In Georghiou and another v. Pistolia (1969) 1 C.L.R. 613, the Court of Appeal in dealing with an appeal from the refusal of the trial Court to allow an amendment, after the plaintiffs gave their evidence, on the ground that it was too late in the day and that the plaintiffs had ample time to have included all matters in their original statement of claim, found that the discretion of the trial Court was riot properly exercised. The Court of Appeal allowed the amendment at the hearing of the Appeal and Josephides J. said the following at page 614:

“By their proposed amendments the plaintiffs (appellants) were not asking to introduce a different claim and there was no allegation that the plaintiffs were acting mala fide. The plaintiffs had blundered and the injury to the defendant could be compensated for by costs. We are, therefore, of the view that the learned Judge ought, in the exercise of his discretion, to have granted this amendment which referred to the right of passage claimed by the plaintiffs”.

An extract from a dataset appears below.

(* Let $\alpha\in\Lambda$ be an infinite multiindex. For any $\beta,\gamma\in\Lambda$ the limit \[ q(\gamma,\beta)=\lim_{m\to\infty} q\big((\gamma_1,\dots,\gamma_m),(\beta_1,\dots,\beta_m)\big) \] exists. Moreover, on the complex vector space $\tilde H_\alpha$ having as a basis the formal symbols $e_\beta$, $\beta\sim\alpha$, the sesquilinear form determined by \[ (e_\beta,e_\gamma)=q(\gamma,\beta),\qquad \beta,\gamma\sim\alpha, \] is Hermitian and positive, i.e. $\sum_{k,l} c_k\overline{c_l}\,(e_{\beta^{(k)}},e_{\beta^{(l)}})\ge 0$ for all finite families of scalars $c_k$ and multiindices $\beta^{(k)}\sim\alpha$. In addition, $(e_\beta,e_\gamma)=0$ unless there exists $m$ with $\sigma^m(\beta)=\sigma^m(\gamma)$, in which case $(e_\beta,e_\gamma)=(e_{(\beta_1,\dots,\beta_m)},e_{(\gamma_1,\dots,\gamma_m)})_{\mathcal F}$.
   Context: Fix $d\ge 2$ and complex numbers $q_{ij}$, $1\le i\ne j\le d$, with $|q_{ij}|<1$ and $q_{ij}=\overline{q_{ji}}$. Let $W$ be the universal $C^*$-algebra generated by $s_1,\dots,s_d$ subject to $s_i^*s_i=I$ and $s_i^*s_j=q_{ij}s_js_i^*$ for $i\ne j$. Let $\Lambda_m=\{1,\dots,d\}^m$ (with $\Lambda_0$ consisting of the empty multiindex $\emptyset$), $\Lambda^0=\bigcup_{m\ge0}\Lambda_m$, and $\Lambda=\{1,\dots,d\}^{\mathbb N}$ the set of infinite multiindices. For finite $\alpha=(\alpha_1,\dots,\alpha_m)$ put $s_\alpha=s_{\alpha_1}\cdots s_{\alpha_m}$, $s_\emptyset=I$. The shift is $\sigma(\alpha_1,\alpha_2,\dots)=(\alpha_2,\alpha_3,\dots)$. Two infinite multiindices are equivalent, $\beta\sim\alpha$, if there are $m,n\ge0$ with $\sigma^m(\beta)=\sigma^n(\alpha)$. Fock representation: $\pi_F$ is the $*$-representation of $W$ on a Hilbert space $\mathcal F$ with a unit vector $\Omega$ such that $\pi_F(s_j)^*\Omega=0$ for all $j$ and the vectors $e_\alpha=\pi_F(s_\alpha)\Omega$, $\alpha\in\Lambda^0$, span a dense subspace; $\mathcal F_n=\mathrm{span}\{e_\alpha:\alpha\in\Lambda_n\}$, and these subspaces are mutually orthogonal. For finite $\alpha,\beta\in\Lambda_m$ define $q(\alpha,\beta)=\langle \pi_F(s_\alpha)^*\pi_F(s_\beta)\Omega,\Omega\rangle=(e_\beta,e_\alpha)_{\mathcal F}$ (this is nonzero only if $\beta$ is a permutation of $\alpha$). *)

theory Defs
  imports "HOL-Analysis.Analysis" "HOL-Library.Complex_Order"
begin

In Odysseas Patsalides v. Yiapani and another (1969) 1 C.L.R. p. 84, Triantafyllides, J., as he then was, had this to say concerning amendment even at a very late stage: (page 97):

“I do bear in mind that this Court can in a proper case [*555] direct an; amendment of pleadings even, at the stage of delivering judgment on appeal (see, inter alia, Kemal v. Kasti); but, of course, such power is discretionary and has to be exercised when it is right so to do in the circumstances of the particular case”.

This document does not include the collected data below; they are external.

(* Let $\mathcal C$ be a collective choice problem satisfying Generic Finite Alternatives. For the amendment procedure with $T$ rounds and initial default $x^0$, the equilibrium outcome correspondence satisfies $f_T(x^0)=\{\phi^T(x^0)\}$. Moreover: (a) There exists a pure-strategy equilibrium in which (i) the agenda setter always proposes $\phi(x)$ when the current default is $x$, and (ii) each voter $i$ votes to approve proposal $y$ in round $t$ if and only if $\phi^{T-t}(y)\succsim_i\phi^{T-t}(x^{t-1})$, where $x^{t-1}$ is the current default. (b) For an initial default $x^0$, $f_T(x^0)=\{x^0\}$ if and only if $x^0\in E$. (c) If $T\ge |X|-1$, then $\bigcup_{x^0\in X}f_T(x^0)=E$.
   Context: Collective choice problem: voters $N=\{1,\dots,n\}$ ($n$ odd) and a non-voting agenda setter $A$ choose from a policy space $X$; each player $i\in N\cup\{A\}$ has a complete, transitive preference $\succsim_i$ with utility representation $u_i$. $x\succ_M y$ means a strict majority of voters strictly prefer $x$ to $y$. Generic Finite Alternatives: $X$ is finite and all preferences are antisymmetric. Define $M(x)=\{y\in X: y\succ_M x \text{ or } y=x\}$, the agenda setter's favorite improvement map $\phi:X\to X$ by $\{\phi(x)\}=\arg\max_{y\in M(x)}u_A(y)$, $\phi^t$ its $t$-fold iterate ($\phi^0$ the identity), and $E=\{x\in X: x=\phi(x)\}$. Amendment procedure with $T$ rounds: initial default $x^0$; in each round $t$ the agenda setter proposes $a^t\in X$, voted against the default $x^{t-1}$ by simple majority; $x^t=a^t$ if it passes and $x^t=x^{t-1}$ otherwise; $x^T$ is implemented. Strategies may depend on the full history and may be mixed. Equilibrium: subgame perfect equilibrium with as-if-pivotal voting (at histories where passage leads to continuation outcome $x$ and rejection to $y$ regardless of the vote composition, voters with a strict preference between $x$ and $y$ vote for the option leading to the preferred one). $f_T(x^0)$ denotes the set of policies implemented with positive probability in some equilibrium of the $T$-round game with initial default $x^0$. *)

theory Defs
  imports "HOL-Probability.Probability"
begin

(* Policy space X = UNIV :: 'a (finite type); voters N = UNIV :: 'v (finite type, n = CARD('v)).
   Voter i's preference: x \<succsim>_i y iff u i x \<ge> u i y; agenda setter's utility uA. *)

type_synonym ('a, 'v) hist = "('a \<times> ('v \<Rightarrow> bool)) list"

definition passes :: "('v::finite \<Rightarrow> bool) \<Rightarrow> bool" where
  "passes S \<longleftrightarrow> 2 * card {i. S i} > CARD('v)"

definition maj :: "('v::finite \<Rightarrow> 'a \<Rightarrow> real) \<Rightarrow> 'a \<Rightarrow> 'a \<Rightarrow> bool" where
  "maj u x y \<longleftrightarrow> 2 * card {i. u i x > u i y} > CARD('v)"

definition Mset :: "('v::finite \<Rightarrow> 'a \<Rightarrow> real) \<Rightarrow> 'a \<Rightarrow> 'a set" where
  "Mset u x = {y. maj u y x \<or> y = x}"

definition phi :: "('v::finite \<Rightarrow> 'a \<Rightarrow> real) \<Rightarrow> ('a \<Rightarrow> real) \<Rightarrow> 'a \<Rightarrow> 'a" where
  "phi u uA x = (THE y. y \<in> Mset u x \<and> (\<forall>z\<in>Mset u x. uA z \<le> uA y))"

definition Eset :: "('v::finite \<Rightarrow> 'a \<Rightarrow> real) \<Rightarrow> ('a \<Rightarrow> real) \<Rightarrow> 'a set" where
  "Eset u uA = {x. phi u uA x = x}"

definition dflt :: "'a \<Rightarrow> ('a, 'v::finite) hist \<Rightarrow> 'a" where
  "dflt x0 h = foldl (\<lambda>x (a, S). if passes S then a else x) x0 h"

type_synonym ('a, 'v) setter_strat = "('a, 'v) hist \<Rightarrow> 'a pmf"
type_synonym ('a, 'v) voter_strat = "'v \<Rightarrow> ('a, 'v) hist \<Rightarrow> 'a \<Rightarrow> bool pmf"

(* voters vote simultaneously and independently (behavioural strategies) *)
definition votes :: "('a, 'v::finite) voter_strat \<Rightarrow> ('a, 'v) hist \<Rightarrow> 'a \<Rightarrow> ('v \<Rightarrow> bool) pmf" where
  "votes \<sigma>V h a = Pi_pmf UNIV False (\<lambda>i. \<sigma>V i h a)"

(* distribution of the implemented policy from history h with k rounds remaining *)
primrec cont :: "('a, 'v::finite) setter_strat \<Rightarrow> ('a, 'v) voter_strat \<Rightarrow> 'a \<Rightarrow> nat \<Rightarrow> ('a, 'v) hist \<Rightarrow> 'a pmf" where
  "cont \<sigma>A \<sigma>V x0 0 h = return_pmf (dflt x0 h)"
| "cont \<sigma>A \<sigma>V x0 (Suc k) h =
     bind_pmf (\<sigma>A h) (\<lambda>a. bind_pmf (votes \<sigma>V h a) (\<lambda>S. cont \<sigma>A \<sigma>V x0 k (h @ [(a, S)])))"

(* outcome distribution in the T-round game starting at a setter node h *)
definition node_out :: "('a, 'v::finite) setter_strat \<Rightarrow> ('a, 'v) voter_strat \<Rightarrow> 'a \<Rightarrow> nat \<Rightarrow> ('a, 'v) hist \<Rightarrow> 'a pmf" where
  "node_out \<sigma>A \<sigma>V x0 T h = cont \<sigma>A \<sigma>V x0 (T - length h) h"

(* outcome distribution starting at the voting node where proposal a was made after history h *)
definition vnode_out :: "('a, 'v::finite) setter_strat \<Rightarrow> ('a, 'v) voter_strat \<Rightarrow> 'a \<Rightarrow> nat \<Rightarrow> ('a, 'v) hist \<Rightarrow> 'a \<Rightarrow> 'a pmf" where
  "vnode_out \<sigma>A \<sigma>V x0 T h a =
     bind_pmf (votes \<sigma>V h a) (\<lambda>S. cont \<sigma>A \<sigma>V x0 (T - Suc (length h)) (h @ [(a, S)]))"

definition EU :: "'a pmf \<Rightarrow> ('a \<Rightarrow> real) \<Rightarrow> real" where
  "EU p f = measure_pmf.expectation p f"

(* subgame perfection: in every subgame (setter nodes and voting nodes of rounds 1..T),
   no player gains by deviating to any other strategy *)
definition spe :: "('v::finite \<Rightarrow> 'a \<Rightarrow> real) \<Rightarrow> ('a \<Rightarrow> real) \<Rightarrow> nat \<Rightarrow> 'a
    \<Rightarrow> ('a, 'v) setter_strat \<Rightarrow> ('a, 'v) voter_strat \<Rightarrow> bool" where
  "spe u uA T x0 \<sigma>A \<sigma>V \<longleftrightarrow>
    (\<forall>h. length h < T \<longrightarrow>
       (\<forall>\<sigma>A'. EU (node_out \<sigma>A' \<sigma>V x0 T h) uA \<le> EU (node_out \<sigma>A \<sigma>V x0 T h) uA) \<and>
       (\<forall>i \<tau>. EU (node_out \<sigma>A (\<sigma>V(i := \<tau>)) x0 T h) (u i) \<le> EU (node_out \<sigma>A \<sigma>V x0 T h) (u i)) \<and>
       (\<forall>a. (\<forall>\<sigma>A'. EU (vnode_out \<sigma>A' \<sigma>V x0 T h a) uA \<le> EU (vnode_out \<sigma>A \<sigma>V x0 T h a) uA) \<and>
            (\<forall>i \<tau>. EU (vnode_out \<sigma>A (\<sigma>V(i := \<tau>)) x0 T h a) (u i)
                     \<le> EU (vnode_out \<sigma>A \<sigma>V x0 T h a) (u i))))"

I revert now to the facts under consideration. To raise a defence of contributory negligence such defence has to be pleaded in the statement of defence and full particulars to be given therein; if not pleaded, the Court has no jurisdiction to adjudicate on it. (Vide Christodoulou etc. v. Menicou & others (1966) 1 C.L.R. p. 17; also, Pookes v. Slaytor [19791 R. Tr. R. p. 40, The Times, June 19, 1978).

In the course of the cross-examination of the plaintiff, counsel for the defendants has put questions to him concerning steps taken by him for his own safety and questions intended to establish contributory negligence on the part of the plaintiff. No objection was raised to such questions.

Having regard to all material facts in the present case and the Law as explained above, I am satisfied that the application is not made mala fide or with the intention to prejudice the plaintiff in pursuing his claim, but the object of the applicants is to correct an omission on their part and include in the pleadings an allegation of contributory negligence which was necessary, once they wished to have such issue determined by the Court. No loss or detriment will be caused to the plaintiff, by allowing this amendment which cannot be made good by an appropriate order as to costs. I am satisfied that with the payment of costs to the plaintiff, he is fully reimbursed for any loss suffered by him. Refusing this application in the circumstances explained above, would have amounted to punishing the defendants for their mistake in properly drafting their pleadings. If, as a result of this amendment the calling of any evidence by plaintiff or the recalling of any witnesses will be necessary, the Court will consider such application on its merits.

In the result, I grant the application and make an order accordingly, with costs of this application and any costs to be thrown away as a result of this amendment in favour of the plaintiff against the defendants. [*556]

Amended answer to be filed within 15 days from today and reply, if any, within seven days thereafter.

Application granted. Order for costs as above.